Your answer should repeat every line of the records below in which the word "rule" appears.

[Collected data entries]
————————

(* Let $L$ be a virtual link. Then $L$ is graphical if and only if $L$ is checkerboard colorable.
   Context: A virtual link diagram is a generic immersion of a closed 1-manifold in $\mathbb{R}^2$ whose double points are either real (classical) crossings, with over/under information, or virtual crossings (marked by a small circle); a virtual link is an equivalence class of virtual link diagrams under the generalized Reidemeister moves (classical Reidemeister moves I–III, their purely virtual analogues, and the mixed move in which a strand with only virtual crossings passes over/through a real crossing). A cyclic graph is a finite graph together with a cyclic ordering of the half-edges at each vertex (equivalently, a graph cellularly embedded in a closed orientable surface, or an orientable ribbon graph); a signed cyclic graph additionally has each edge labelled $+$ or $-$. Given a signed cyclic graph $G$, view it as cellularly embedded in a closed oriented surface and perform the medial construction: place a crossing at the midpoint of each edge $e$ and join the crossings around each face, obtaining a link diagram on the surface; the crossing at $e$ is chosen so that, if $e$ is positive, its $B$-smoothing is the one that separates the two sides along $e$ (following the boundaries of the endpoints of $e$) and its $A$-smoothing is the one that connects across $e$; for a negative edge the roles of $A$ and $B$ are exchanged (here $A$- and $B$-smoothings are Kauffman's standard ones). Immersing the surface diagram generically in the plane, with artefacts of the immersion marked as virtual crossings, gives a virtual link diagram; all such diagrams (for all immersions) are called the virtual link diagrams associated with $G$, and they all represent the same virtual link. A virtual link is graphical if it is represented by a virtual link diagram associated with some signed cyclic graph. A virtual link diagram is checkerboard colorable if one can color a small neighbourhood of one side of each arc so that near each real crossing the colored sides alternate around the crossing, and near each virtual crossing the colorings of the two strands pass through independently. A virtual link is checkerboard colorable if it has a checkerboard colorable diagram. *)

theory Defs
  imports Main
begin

————————

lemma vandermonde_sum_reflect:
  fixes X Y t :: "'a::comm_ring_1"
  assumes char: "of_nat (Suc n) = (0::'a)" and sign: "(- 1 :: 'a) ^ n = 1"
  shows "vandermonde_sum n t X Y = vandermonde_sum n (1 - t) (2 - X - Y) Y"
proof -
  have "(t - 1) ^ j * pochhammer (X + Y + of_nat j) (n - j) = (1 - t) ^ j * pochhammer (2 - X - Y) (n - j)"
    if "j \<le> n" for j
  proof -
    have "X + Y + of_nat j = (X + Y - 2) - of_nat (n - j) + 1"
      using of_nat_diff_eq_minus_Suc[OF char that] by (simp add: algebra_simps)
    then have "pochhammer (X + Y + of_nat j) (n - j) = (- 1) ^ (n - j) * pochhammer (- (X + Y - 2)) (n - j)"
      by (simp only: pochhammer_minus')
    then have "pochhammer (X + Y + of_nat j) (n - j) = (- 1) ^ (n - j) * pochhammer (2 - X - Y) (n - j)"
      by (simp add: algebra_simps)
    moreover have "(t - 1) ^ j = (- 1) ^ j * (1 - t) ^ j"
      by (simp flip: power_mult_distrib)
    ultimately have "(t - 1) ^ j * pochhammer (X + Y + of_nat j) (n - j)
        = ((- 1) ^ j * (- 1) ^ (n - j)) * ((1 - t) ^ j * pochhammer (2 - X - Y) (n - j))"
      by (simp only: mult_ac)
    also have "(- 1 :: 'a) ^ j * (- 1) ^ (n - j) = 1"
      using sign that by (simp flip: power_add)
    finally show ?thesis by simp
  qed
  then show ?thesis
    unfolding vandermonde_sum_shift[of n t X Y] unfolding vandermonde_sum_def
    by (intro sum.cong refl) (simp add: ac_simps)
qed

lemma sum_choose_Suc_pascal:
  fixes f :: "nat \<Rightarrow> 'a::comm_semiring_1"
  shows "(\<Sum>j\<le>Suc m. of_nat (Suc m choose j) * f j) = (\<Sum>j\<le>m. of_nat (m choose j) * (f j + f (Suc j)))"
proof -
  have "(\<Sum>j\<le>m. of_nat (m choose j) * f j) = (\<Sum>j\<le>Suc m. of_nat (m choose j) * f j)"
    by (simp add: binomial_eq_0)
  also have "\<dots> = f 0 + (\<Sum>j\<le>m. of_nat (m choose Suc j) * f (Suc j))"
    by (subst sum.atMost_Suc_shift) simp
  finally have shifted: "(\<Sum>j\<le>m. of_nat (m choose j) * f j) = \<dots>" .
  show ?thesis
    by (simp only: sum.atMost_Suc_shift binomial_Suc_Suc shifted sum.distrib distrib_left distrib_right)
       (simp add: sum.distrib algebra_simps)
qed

————————

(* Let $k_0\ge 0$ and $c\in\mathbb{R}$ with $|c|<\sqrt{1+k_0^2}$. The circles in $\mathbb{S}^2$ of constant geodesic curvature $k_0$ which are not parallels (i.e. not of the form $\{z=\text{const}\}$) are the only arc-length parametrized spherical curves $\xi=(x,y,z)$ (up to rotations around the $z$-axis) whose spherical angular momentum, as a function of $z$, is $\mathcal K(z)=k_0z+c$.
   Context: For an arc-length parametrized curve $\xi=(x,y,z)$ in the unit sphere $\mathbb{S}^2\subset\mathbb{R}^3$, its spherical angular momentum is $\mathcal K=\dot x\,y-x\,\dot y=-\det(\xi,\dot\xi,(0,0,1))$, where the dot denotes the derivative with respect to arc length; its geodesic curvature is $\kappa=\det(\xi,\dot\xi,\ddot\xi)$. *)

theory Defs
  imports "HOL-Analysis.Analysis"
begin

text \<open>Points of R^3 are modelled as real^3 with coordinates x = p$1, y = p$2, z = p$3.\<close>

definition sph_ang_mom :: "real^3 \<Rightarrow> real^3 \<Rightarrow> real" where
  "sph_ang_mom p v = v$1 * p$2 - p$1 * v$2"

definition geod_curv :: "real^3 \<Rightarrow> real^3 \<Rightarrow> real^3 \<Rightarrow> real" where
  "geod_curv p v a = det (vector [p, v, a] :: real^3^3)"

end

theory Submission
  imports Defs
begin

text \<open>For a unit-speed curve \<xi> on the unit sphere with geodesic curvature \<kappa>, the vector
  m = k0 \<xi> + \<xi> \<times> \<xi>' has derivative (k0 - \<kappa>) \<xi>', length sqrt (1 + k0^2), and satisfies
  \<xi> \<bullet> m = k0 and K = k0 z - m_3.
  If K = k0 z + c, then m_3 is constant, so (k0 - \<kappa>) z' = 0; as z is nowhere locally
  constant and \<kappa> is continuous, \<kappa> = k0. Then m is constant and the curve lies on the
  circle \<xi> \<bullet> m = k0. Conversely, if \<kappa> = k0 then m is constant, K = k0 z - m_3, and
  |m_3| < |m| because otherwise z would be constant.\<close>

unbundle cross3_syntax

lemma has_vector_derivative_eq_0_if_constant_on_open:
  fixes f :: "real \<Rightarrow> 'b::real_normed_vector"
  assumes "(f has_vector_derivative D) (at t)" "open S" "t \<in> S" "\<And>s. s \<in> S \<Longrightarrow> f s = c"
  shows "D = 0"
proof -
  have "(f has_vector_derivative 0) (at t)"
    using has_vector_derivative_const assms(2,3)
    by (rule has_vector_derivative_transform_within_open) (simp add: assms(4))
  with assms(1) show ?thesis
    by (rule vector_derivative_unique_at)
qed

————————

* **Written response**:
    by (rule has_vector_derivative_transform_within_open) (simp add: assms(4))
    by (rule vector_derivative_unique_at)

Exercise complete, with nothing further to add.